### EXERCISE DATA
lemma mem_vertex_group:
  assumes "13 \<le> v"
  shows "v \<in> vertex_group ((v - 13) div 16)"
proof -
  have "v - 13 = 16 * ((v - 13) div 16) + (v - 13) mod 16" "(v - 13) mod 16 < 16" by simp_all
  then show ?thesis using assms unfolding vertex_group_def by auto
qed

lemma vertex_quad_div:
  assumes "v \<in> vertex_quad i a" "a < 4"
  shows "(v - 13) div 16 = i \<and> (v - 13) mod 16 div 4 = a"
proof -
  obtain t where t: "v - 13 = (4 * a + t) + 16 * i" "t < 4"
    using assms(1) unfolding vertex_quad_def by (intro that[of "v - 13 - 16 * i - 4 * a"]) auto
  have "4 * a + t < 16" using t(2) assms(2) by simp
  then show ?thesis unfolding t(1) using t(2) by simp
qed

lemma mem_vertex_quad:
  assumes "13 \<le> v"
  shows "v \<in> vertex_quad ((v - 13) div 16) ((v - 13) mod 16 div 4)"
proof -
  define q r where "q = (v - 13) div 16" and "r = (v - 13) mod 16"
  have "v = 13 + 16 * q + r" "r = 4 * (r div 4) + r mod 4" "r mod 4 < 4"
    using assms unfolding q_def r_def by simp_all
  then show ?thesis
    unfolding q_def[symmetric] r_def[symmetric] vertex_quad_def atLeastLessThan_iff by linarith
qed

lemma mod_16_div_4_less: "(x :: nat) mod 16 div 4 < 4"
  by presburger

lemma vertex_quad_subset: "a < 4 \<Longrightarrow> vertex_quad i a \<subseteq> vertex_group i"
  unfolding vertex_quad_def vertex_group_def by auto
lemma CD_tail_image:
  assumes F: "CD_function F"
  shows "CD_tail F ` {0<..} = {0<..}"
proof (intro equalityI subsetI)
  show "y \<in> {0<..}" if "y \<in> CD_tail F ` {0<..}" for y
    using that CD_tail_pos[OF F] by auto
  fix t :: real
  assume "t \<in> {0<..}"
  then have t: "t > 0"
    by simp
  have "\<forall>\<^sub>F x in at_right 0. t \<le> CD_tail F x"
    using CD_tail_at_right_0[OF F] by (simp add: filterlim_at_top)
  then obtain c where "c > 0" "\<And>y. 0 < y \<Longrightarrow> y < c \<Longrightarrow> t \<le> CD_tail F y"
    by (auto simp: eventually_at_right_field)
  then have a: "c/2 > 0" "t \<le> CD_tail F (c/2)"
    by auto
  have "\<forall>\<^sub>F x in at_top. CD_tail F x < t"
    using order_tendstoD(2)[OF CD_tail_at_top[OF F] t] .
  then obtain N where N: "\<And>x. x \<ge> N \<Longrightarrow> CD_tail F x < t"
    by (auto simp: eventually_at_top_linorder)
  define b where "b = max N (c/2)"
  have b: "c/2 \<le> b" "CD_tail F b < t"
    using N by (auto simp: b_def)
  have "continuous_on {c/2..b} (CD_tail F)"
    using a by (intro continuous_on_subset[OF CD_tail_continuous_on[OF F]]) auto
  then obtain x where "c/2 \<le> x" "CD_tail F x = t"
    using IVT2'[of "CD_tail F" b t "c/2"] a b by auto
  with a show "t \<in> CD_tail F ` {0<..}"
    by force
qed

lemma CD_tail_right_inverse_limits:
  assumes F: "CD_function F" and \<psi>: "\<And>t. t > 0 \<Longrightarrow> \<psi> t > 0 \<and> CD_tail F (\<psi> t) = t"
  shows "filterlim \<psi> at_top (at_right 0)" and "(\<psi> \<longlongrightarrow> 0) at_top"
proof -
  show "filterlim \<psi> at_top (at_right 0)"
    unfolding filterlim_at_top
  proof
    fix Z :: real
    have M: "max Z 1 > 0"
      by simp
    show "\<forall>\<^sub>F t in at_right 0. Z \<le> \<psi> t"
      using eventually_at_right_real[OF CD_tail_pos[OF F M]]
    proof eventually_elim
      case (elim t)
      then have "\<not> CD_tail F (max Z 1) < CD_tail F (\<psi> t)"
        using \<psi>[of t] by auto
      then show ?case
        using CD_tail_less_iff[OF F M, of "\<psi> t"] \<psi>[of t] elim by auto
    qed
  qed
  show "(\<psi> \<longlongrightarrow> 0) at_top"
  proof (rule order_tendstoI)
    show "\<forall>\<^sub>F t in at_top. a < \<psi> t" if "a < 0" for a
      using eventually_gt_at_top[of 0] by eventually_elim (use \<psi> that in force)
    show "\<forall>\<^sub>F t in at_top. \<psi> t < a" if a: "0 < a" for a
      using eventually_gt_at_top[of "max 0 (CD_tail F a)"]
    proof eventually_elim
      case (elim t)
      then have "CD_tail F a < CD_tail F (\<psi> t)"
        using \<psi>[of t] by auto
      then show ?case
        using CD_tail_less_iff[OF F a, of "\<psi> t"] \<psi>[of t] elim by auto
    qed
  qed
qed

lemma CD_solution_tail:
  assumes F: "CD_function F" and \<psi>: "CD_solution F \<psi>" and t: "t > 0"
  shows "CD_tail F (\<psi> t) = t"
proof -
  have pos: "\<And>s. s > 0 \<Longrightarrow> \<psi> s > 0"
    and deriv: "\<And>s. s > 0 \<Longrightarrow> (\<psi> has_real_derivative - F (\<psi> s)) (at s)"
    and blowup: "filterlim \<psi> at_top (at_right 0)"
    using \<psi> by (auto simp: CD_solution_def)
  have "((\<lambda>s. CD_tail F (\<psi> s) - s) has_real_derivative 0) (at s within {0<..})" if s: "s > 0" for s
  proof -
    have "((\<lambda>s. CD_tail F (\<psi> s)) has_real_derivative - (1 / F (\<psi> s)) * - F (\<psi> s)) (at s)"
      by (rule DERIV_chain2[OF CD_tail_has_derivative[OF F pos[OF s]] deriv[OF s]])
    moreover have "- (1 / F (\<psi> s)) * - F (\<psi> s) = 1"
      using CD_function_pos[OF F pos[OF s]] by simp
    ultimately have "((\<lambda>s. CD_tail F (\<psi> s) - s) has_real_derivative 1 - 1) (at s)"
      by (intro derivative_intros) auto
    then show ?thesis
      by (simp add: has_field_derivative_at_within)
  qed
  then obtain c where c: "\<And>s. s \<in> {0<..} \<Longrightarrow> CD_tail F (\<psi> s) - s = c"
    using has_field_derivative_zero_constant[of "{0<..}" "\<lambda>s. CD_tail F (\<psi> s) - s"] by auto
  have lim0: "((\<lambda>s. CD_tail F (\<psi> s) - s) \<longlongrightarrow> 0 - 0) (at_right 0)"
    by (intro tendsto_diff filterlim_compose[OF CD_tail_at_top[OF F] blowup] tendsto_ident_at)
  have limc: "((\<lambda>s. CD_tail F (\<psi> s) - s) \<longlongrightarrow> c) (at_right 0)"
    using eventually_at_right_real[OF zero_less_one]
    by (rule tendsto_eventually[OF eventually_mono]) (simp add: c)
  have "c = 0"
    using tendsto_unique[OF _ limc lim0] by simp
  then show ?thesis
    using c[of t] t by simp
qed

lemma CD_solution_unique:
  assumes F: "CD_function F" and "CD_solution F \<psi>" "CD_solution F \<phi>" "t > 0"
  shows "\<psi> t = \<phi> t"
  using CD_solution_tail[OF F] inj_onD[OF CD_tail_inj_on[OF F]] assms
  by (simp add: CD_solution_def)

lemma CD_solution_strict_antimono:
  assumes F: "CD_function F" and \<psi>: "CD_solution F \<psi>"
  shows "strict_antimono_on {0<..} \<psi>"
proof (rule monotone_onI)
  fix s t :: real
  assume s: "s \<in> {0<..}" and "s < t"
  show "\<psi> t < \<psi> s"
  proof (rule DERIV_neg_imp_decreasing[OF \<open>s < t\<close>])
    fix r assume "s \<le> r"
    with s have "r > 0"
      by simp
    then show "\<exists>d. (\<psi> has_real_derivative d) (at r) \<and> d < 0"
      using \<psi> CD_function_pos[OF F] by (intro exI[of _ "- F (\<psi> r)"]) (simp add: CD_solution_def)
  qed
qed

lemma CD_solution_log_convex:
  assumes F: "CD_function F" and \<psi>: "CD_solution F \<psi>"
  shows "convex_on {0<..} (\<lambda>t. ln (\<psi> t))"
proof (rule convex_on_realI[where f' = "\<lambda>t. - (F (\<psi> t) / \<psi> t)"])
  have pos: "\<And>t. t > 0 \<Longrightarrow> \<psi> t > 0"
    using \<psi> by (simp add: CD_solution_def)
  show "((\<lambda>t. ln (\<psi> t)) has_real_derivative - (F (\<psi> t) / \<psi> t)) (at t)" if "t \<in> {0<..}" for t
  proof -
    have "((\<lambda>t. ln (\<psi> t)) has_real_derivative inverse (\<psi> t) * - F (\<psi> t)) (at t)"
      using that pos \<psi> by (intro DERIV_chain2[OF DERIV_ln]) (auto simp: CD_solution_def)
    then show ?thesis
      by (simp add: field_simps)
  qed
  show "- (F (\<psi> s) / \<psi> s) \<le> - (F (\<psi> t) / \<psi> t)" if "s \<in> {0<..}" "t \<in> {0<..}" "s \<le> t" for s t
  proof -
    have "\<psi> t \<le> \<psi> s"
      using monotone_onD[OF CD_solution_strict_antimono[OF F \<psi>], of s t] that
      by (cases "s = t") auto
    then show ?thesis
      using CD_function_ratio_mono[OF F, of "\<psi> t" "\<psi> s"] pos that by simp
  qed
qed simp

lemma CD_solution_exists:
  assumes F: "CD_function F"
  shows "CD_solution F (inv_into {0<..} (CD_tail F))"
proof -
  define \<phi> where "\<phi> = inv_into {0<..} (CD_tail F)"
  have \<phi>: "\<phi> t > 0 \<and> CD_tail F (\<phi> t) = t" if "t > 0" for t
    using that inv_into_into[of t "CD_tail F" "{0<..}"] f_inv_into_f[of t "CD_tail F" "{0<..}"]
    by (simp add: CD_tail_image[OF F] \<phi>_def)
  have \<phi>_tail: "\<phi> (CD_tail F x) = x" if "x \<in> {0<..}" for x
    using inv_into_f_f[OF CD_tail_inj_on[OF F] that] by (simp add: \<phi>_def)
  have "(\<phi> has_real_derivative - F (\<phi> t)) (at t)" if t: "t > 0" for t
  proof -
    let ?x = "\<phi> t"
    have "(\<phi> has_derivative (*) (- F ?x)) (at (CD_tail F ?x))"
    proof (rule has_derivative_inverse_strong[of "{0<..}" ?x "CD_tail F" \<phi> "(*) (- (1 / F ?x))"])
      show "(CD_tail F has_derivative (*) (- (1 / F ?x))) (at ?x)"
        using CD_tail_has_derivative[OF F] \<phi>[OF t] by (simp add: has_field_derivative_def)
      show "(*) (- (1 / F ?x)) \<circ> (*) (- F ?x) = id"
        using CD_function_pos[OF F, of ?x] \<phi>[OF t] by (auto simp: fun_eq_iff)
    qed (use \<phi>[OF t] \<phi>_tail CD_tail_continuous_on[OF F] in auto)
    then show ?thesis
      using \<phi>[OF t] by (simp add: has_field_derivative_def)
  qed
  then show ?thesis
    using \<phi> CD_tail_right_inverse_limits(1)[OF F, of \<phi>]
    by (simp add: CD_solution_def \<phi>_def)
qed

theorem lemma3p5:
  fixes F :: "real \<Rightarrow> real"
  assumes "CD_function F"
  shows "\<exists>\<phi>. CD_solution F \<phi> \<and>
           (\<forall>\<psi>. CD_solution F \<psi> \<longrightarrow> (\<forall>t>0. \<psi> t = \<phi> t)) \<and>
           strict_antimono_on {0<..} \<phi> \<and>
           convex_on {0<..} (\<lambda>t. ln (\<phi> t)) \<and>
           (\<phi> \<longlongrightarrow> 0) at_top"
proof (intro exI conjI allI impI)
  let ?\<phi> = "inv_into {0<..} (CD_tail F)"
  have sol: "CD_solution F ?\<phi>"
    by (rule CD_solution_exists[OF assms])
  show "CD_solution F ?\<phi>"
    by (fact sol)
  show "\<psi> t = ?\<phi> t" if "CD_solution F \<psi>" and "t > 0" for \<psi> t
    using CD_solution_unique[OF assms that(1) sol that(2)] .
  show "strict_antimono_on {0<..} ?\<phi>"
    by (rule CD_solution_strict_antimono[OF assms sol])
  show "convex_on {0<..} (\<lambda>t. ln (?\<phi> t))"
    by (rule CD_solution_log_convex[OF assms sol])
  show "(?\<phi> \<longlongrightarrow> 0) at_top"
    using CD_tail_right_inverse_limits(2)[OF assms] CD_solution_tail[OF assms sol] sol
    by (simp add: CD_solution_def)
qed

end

### TASK TO CARRY OUT
Looking at the entries above, can you reproduce exactly the lines from the one that holds "0 \<Longrightarrow> \<psi> s" through the one that holds "by (rule DERIV_chain2[OF", and only those?

### SOLUTION FOR THIS TASK
  have pos: "\<And>s. s > 0 \<Longrightarrow> \<psi> s > 0"
    and deriv: "\<And>s. s > 0 \<Longrightarrow> (\<psi> has_real_derivative - F (\<psi> s)) (at s)"
    and blowup: "filterlim \<psi> at_top (at_right 0)"
    using \<psi> by (auto simp: CD_solution_def)
  have "((\<lambda>s. CD_tail F (\<psi> s) - s) has_real_derivative 0) (at s within {0<..})" if s: "s > 0" for s
  proof -
    have "((\<lambda>s. CD_tail F (\<psi> s)) has_real_derivative - (1 / F (\<psi> s)) * - F (\<psi> s)) (at s)"
      by (rule DERIV_chain2[OF CD_tail_has_derivative[OF F pos[OF s]] deriv[OF s]])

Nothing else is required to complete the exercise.